lemma prob_exceedance_pattern:
  assumes i0: "1 \<le> i0" and fin: "finite U" "finite V" and disj: "U \<inter> V = {}"
    and pos: "U \<union> V \<subseteq> {1..}" and T: "T \<subseteq> U"
  shows "prob {\<omega> \<in> space M. (\<forall>l\<in>U. l \<in> T \<longleftrightarrow> i0 \<le> X l \<omega>) \<and> (\<forall>v\<in>V. X v \<omega> = i0)}
    = tailS p i0 ^ card T * (1 - tailS p i0) ^ (card U - card T) * p i0 ^ card V"
proof (cases "U \<union> V = {}")
  case True
  then show ?thesis
    using T by (simp add: prob_space)
next
  case False
  define B where "B l = (if l \<in> T then {i0..} else if l \<in> U then {..<i0} else {i0})" for l
  have "{\<omega> \<in> space M. (\<forall>l\<in>U. l \<in> T \<longleftrightarrow> i0 \<le> X l \<omega>) \<and> (\<forall>v\<in>V. X v \<omega> = i0)}
      = (\<Inter>l\<in>U \<union> V. X l -` B l \<inter> space M)"
  proof -
    have "(\<forall>l\<in>U. l \<in> T \<longleftrightarrow> i0 \<le> X l \<omega>) \<and> (\<forall>v\<in>V. X v \<omega> = i0) \<longleftrightarrow> (\<forall>l\<in>U \<union> V. X l \<omega> \<in> B l)"
      for \<omega>
      using T disj by (auto simp: B_def not_le)
    then show ?thesis
      using False by auto
  qed
  also have "prob \<dots> = (\<Prod>l\<in>U \<union> V. prob (X l -` B l \<inter> space M))"
    using False fin pos by (intro indep_varsD[OF indep]) auto
  also have "\<dots> = (\<Prod>l\<in>T. prob (X l -` B l \<inter> space M)) * (\<Prod>l\<in>U - T. prob (X l -` B l \<inter> space M))
      * (\<Prod>l\<in>V. prob (X l -` B l \<inter> space M))"
    by (simp only: prod.union_disjoint[OF fin disj] prod.subset_diff[OF T fin(1)] mult.commute)
  also have "\<dots> = tailS p i0 ^ card T * (1 - tailS p i0) ^ card (U - T) * p i0 ^ card V"
  proof -
    have l_pos: "1 \<le> l" if "l \<in> U \<union> V" for l
      using that pos by auto
    have "(\<Prod>l\<in>T. prob (X l -` B l \<inter> space M)) = (\<Prod>l\<in>T. tailS p i0)"
    proof (rule prod.cong[OF refl])
      fix l assume "l \<in> T"
      then have "X l -` B l \<inter> space M = {\<omega> \<in> space M. i0 \<le> X l \<omega>}" "1 \<le> l"
        using T l_pos by (auto simp: B_def)
      then show "prob (X l -` B l \<inter> space M) = tailS p i0"
        using prob_X_ge[OF i0] by simp
    qed
    moreover have "(\<Prod>l\<in>U - T. prob (X l -` B l \<inter> space M)) = (\<Prod>l\<in>U - T. 1 - tailS p i0)"
    proof (rule prod.cong[OF refl])
      fix l assume "l \<in> U - T"
      then have "X l -` B l \<inter> space M = {\<omega> \<in> space M. X l \<omega> < i0}" "1 \<le> l"
        using l_pos by (auto simp: B_def)
      then show "prob (X l -` B l \<inter> space M) = 1 - tailS p i0"
        using prob_X_less[OF i0] by simp
    qed
    moreover have "(\<Prod>l\<in>V. prob (X l -` B l \<inter> space M)) = (\<Prod>l\<in>V. p i0)"
    proof (rule prod.cong[OF refl])
      fix l assume "l \<in> V"
      then have "X l -` B l \<inter> space M = {\<omega> \<in> space M. X l \<omega> = i0}" "1 \<le> l"
        using T disj l_pos by (auto simp: B_def)
      then show "prob (X l -` B l \<inter> space M) = p i0"
        using distr i0 by simp
    qed
    ultimately show ?thesis by simp
  qed
  finally show ?thesis
    using fin T by (simp add: card_Diff_subset finite_subset)
qed
(* In the $\mathbf N$-agent system described in the context, let $\{\boldsymbol\mu_t^{\mathbf N}\}_{t\ge0}$ be the empirical joint state distributions induced by a policy $\boldsymbol\pi=\{\boldsymbol\pi_t\}_{t\ge0}$. Then for every $t\ge0$, $$\mathbb E\big|\boldsymbol\mu_{t+1}^{\mathbf N}-P^{\mathrm{MF}}(\boldsymbol\mu_t^{\mathbf N},\boldsymbol\pi_t)\big|_1\le C_P\sqrt{|\mathcal X||\mathcal U|}\frac1{N_{\mathrm{pop}}}\Big(\sum_{k\in[K]}\sqrt{N_k}\Big),$$ where $C_P=2+L_P$.
   Context: Fix $K\ge1$, $N_1,\dots,N_K\ge1$, $[K]=\{1,\dots,K\}$, $N_{\mathrm{pop}}=\sum_kN_k$, finite sets $\mathcal X,\mathcal U$, $\mathcal P(A)$ the probability distributions on $A$, $|\cdot|_1$ the $L_1$ norm, $L_P>0$. Agent $j\in[N_k]$ of class $k$ has state $x_{j,k}^t$ and action $u_{j,k}^t$; $\boldsymbol\mu_t^{\mathbf N}(x,k)=\frac1{N_{\mathrm{pop}}}\sum_{j=1}^{N_k}\mathbf 1(x_{j,k}^t=x)$, $\boldsymbol\nu_t^{\mathbf N}(u,k)=\frac1{N_{\mathrm{pop}}}\sum_{j=1}^{N_k}\mathbf 1(u_{j,k}^t=u)$. For each $k$, $P_k:\mathcal X\times\mathcal U\times\mathcal P(\mathcal X\times[K])\times\mathcal P(\mathcal U\times[K])\to\mathcal P(\mathcal X)$ satisfies $|P_k(x,u,\boldsymbol\mu_1,\boldsymbol\nu_1)-P_k(x,u,\boldsymbol\mu_2,\boldsymbol\nu_2)|_1\le L_P(|\boldsymbol\mu_1-\boldsymbol\mu_2|_1+|\boldsymbol\nu_1-\boldsymbol\nu_2|_1)$. A policy is $\boldsymbol\pi=\{\boldsymbol\pi_t\}_{t\ge0}$, $\boldsymbol\pi_t=(\pi_k^t)_k$, $\pi_k^t:\mathcal X\times\mathcal P(\mathcal X\times[K])\to\mathcal P(\mathcal U)$. Dynamics: conditioned on all states at time $t$, actions are independent across agents with $u_{j,k}^t\sim\pi_k^t(x_{j,k}^t,\boldsymbol\mu_t^{\mathbf N})$; conditioned on states and actions, next states are independent with $x_{j,k}^{t+1}\sim P_k(x_{j,k}^t,u_{j,k}^t,\boldsymbol\mu_t^{\mathbf N},\boldsymbol\nu_t^{\mathbf N})$. Mean-field: $\nu^{\mathrm{MF}}(\boldsymbol\mu,\boldsymbol\pi)(u,k)=\sum_x\pi_k(x,\boldsymbol\mu)(u)\boldsymbol\mu(x,k)$, $P^{\mathrm{MF}}(\boldsymbol\mu,\boldsymbol\pi)(x',k)=\sum_{x,u}\boldsymbol\mu(x,k)\pi_k(x,\boldsymbol\mu)(u)P_k(x,u,\boldsymbol\mu,\nu^{\mathrm{MF}}(\boldsymbol\mu,\boldsymbol\pi))(x')$. *)

theory Defs
  imports "HOL-Probability.Probability"
begin

text \<open>Classes are indexed by k < K (i.e. [K] is rendered as {..<K}); agent j of class k
  is the pair (k, j) with j < N k. A joint configuration of states (actions) is a
  function from agents to states (actions); outside the agent set it is "undefined".\<close>

definition agents :: "nat \<Rightarrow> (nat \<Rightarrow> nat) \<Rightarrow> (nat \<times> nat) set" where
  "agents K N = {(k, j). k < K \<and> j < N k}"

definition Npop :: "nat \<Rightarrow> (nat \<Rightarrow> nat) \<Rightarrow> nat" where
  "Npop K N = (\<Sum>k<K. N k)"

definition empirical :: "nat \<Rightarrow> (nat \<Rightarrow> nat) \<Rightarrow> (nat \<times> nat \<Rightarrow> 'a) \<Rightarrow> ('a \<times> nat \<Rightarrow> real)" where
  "empirical K N s = (\<lambda>(x, k). if k < K
      then real (card {j. j < N k \<and> s (k, j) = x}) / real (Npop K N) else 0)"

definition is_dist :: "nat \<Rightarrow> ('a::finite \<times> nat \<Rightarrow> real) \<Rightarrow> bool" where
  "is_dist K m \<longleftrightarrow> (\<forall>p. 0 \<le> m p) \<and> (\<forall>x k. K \<le> k \<longrightarrow> m (x, k) = 0)
      \<and> (\<Sum>p\<in>(UNIV::'a set) \<times> {..<K}. m p) = 1"

definition l1 :: "nat \<Rightarrow> ('a::finite \<times> nat \<Rightarrow> real) \<Rightarrow> ('a \<times> nat \<Rightarrow> real) \<Rightarrow> real" where
  "l1 K m1 m2 = (\<Sum>p\<in>(UNIV::'a set) \<times> {..<K}. \<bar>m1 p - m2 p\<bar>)"

definition l1_pmf :: "'a::finite pmf \<Rightarrow> 'a pmf \<Rightarrow> real" where
  "l1_pmf p q = (\<Sum>x\<in>UNIV. \<bar>pmf p x - pmf q x\<bar>)"

text \<open>Mean-field maps. pol k x mu is the class-k policy; P k x u mu nu the class-k kernel.\<close>
definition nu_MF :: "nat \<Rightarrow> ('x \<times> nat \<Rightarrow> real) \<Rightarrow> (nat \<Rightarrow> 'x \<Rightarrow> ('x \<times> nat \<Rightarrow> real) \<Rightarrow> 'u pmf)
    \<Rightarrow> ('u \<times> nat \<Rightarrow> real)" where
  "nu_MF K mu pol = (\<lambda>(u, k). if k < K then (\<Sum>x\<in>UNIV. pmf (pol k x mu) u * mu (x, k)) else 0)"

definition P_MF :: "nat \<Rightarrow> (nat \<Rightarrow> 'x \<Rightarrow> 'u \<Rightarrow> ('x \<times> nat \<Rightarrow> real) \<Rightarrow> ('u \<times> nat \<Rightarrow> real) \<Rightarrow> 'x pmf)
    \<Rightarrow> ('x \<times> nat \<Rightarrow> real) \<Rightarrow> (nat \<Rightarrow> 'x \<Rightarrow> ('x \<times> nat \<Rightarrow> real) \<Rightarrow> 'u pmf) \<Rightarrow> ('x \<times> nat \<Rightarrow> real)" where
  "P_MF K P mu pol = (\<lambda>(x', k). if k < K then
      (\<Sum>x\<in>UNIV. \<Sum>u\<in>UNIV. mu (x, k) * pmf (pol k x mu) u * pmf (P k x u mu (nu_MF K mu pol)) x')
      else 0)"

definition step :: "nat \<Rightarrow> (nat \<Rightarrow> nat) \<Rightarrow> (nat \<Rightarrow> 'x \<Rightarrow> 'u \<Rightarrow> ('x \<times> nat \<Rightarrow> real) \<Rightarrow> ('u \<times> nat \<Rightarrow> real) \<Rightarrow> 'x pmf)
    \<Rightarrow> (nat \<Rightarrow> nat \<Rightarrow> 'x \<Rightarrow> ('x \<times> nat \<Rightarrow> real) \<Rightarrow> 'u pmf) \<Rightarrow> nat
    \<Rightarrow> (nat \<times> nat \<Rightarrow> 'x) \<Rightarrow> (nat \<times> nat \<Rightarrow> 'x) pmf" where
  "step K N P pol t s =
     Pi_pmf (agents K N) undefined (\<lambda>a. pol t (fst a) (s a) (empirical K N s)) \<bind>
       (\<lambda>act. Pi_pmf (agents K N) undefined
          (\<lambda>a. P (fst a) (s a) (act a) (empirical K N s) (empirical K N act)))"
::::::::
For every line above with the word "lambda" in it, make a copy.

▸ EXERCISE ANSWER:
  "empirical K N s = (\<lambda>(x, k). if k < K
  "nu_MF K mu pol = (\<lambda>(u, k). if k < K then (\<Sum>x\<in>UNIV. pmf (pol k x mu) u * mu (x, k)) else 0)"
  "P_MF K P mu pol = (\<lambda>(x', k). if k < K then
     Pi_pmf (agents K N) undefined (\<lambda>a. pol t (fst a) (s a) (empirical K N s)) \<bind>
       (\<lambda>act. Pi_pmf (agents K N) undefined
          (\<lambda>a. P (fst a) (s a) (act a) (empirical K N s) (empirical K N act)))"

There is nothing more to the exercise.